Search the records for the string "impI" and copy every line in which it appears.
+++ Supplied information +++
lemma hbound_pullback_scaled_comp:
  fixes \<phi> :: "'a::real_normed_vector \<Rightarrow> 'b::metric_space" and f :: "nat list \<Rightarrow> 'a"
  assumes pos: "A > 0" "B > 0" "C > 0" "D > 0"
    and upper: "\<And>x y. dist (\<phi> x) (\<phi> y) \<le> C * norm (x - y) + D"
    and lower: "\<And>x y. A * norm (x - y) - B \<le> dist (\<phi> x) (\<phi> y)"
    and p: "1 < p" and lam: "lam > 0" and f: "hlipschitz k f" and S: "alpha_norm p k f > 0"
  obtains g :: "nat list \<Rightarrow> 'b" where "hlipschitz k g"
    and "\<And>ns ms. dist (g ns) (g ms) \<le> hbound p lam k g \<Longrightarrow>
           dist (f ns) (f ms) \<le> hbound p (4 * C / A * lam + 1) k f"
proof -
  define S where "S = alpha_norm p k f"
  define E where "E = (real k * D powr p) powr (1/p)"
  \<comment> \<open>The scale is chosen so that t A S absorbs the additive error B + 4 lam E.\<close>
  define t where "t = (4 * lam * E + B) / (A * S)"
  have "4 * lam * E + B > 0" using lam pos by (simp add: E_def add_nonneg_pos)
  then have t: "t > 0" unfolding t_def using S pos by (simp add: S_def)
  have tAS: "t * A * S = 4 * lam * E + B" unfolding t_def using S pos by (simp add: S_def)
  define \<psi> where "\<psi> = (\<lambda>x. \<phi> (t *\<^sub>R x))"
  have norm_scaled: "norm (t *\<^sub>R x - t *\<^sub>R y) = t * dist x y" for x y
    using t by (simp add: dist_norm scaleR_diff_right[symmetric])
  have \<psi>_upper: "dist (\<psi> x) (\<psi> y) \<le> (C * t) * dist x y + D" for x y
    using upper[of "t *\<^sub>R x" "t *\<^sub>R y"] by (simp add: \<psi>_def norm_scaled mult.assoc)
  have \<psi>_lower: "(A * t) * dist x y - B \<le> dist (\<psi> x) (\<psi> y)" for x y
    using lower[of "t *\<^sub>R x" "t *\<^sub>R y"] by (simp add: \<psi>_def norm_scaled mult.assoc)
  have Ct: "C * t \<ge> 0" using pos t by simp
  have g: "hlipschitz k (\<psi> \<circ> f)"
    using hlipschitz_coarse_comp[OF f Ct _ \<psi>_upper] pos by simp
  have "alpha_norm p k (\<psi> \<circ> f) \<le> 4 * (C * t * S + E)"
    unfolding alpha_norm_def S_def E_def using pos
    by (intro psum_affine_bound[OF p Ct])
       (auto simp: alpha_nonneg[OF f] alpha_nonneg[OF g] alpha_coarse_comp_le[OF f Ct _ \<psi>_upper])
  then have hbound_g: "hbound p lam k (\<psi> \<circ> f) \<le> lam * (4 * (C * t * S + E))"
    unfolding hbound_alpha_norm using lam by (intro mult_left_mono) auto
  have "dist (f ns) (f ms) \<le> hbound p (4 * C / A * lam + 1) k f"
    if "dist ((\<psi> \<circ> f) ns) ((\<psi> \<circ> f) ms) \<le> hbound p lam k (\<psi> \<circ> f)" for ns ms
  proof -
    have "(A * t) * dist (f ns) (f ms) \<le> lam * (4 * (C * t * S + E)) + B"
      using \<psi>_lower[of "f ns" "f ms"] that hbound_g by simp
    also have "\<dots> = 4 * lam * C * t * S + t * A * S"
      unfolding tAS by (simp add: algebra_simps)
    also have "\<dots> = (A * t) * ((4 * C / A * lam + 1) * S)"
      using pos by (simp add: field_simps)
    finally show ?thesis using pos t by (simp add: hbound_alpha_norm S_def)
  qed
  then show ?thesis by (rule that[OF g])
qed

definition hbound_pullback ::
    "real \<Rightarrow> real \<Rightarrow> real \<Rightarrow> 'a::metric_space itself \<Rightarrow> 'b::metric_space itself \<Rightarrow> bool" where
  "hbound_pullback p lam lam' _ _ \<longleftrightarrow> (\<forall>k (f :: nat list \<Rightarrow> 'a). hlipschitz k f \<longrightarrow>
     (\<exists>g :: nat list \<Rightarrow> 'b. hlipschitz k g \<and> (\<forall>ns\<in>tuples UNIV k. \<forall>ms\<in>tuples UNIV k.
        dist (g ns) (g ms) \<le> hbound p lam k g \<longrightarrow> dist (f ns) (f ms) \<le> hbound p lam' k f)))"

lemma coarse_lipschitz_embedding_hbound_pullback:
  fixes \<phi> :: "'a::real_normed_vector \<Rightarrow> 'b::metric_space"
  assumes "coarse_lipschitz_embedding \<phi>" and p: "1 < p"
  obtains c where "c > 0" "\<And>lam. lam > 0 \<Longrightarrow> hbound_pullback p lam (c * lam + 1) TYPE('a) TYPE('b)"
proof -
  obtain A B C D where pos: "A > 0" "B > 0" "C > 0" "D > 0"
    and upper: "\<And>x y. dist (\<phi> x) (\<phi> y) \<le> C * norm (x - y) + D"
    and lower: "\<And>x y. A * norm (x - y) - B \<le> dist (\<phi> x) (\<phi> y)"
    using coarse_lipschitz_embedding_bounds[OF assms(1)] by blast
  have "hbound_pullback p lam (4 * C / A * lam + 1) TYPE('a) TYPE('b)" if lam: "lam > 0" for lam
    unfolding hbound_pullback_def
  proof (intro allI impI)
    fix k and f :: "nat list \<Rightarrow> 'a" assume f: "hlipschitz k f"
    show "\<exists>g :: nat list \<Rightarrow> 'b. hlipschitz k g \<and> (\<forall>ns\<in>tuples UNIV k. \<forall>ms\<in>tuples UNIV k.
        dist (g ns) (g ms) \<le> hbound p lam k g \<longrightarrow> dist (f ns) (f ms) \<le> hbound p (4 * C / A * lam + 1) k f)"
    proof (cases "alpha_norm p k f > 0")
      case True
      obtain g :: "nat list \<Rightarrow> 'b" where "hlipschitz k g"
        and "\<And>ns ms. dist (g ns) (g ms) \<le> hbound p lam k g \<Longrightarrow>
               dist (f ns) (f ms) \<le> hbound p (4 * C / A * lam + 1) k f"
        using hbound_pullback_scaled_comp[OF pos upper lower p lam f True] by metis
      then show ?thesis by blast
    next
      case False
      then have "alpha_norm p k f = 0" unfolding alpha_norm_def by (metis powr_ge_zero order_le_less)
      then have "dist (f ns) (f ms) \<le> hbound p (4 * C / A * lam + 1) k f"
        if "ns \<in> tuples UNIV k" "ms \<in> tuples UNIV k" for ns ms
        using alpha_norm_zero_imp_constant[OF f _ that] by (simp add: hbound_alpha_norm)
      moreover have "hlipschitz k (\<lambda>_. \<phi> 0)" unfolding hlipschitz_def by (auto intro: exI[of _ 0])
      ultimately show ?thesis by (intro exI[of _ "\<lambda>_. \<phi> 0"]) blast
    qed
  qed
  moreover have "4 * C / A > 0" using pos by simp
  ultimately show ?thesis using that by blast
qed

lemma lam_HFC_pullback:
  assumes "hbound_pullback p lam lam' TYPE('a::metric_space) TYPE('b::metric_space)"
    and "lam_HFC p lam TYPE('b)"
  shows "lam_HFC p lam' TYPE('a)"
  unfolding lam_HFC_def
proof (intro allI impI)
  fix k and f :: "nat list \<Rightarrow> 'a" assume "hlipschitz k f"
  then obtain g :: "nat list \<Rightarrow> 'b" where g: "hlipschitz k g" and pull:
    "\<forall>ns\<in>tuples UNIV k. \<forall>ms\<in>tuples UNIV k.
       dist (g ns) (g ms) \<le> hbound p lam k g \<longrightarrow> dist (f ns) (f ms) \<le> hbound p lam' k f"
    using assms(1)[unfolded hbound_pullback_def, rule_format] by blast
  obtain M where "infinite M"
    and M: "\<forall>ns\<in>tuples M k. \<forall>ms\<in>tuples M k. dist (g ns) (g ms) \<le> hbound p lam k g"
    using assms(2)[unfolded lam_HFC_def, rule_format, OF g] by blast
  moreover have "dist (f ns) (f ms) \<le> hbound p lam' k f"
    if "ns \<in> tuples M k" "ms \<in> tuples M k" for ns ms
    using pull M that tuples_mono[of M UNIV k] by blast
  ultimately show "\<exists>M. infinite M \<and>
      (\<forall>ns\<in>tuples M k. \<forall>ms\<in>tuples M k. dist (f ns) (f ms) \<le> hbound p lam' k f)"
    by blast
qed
+++
Answer to the problem:
  proof (intro allI impI)
proof (intro allI impI)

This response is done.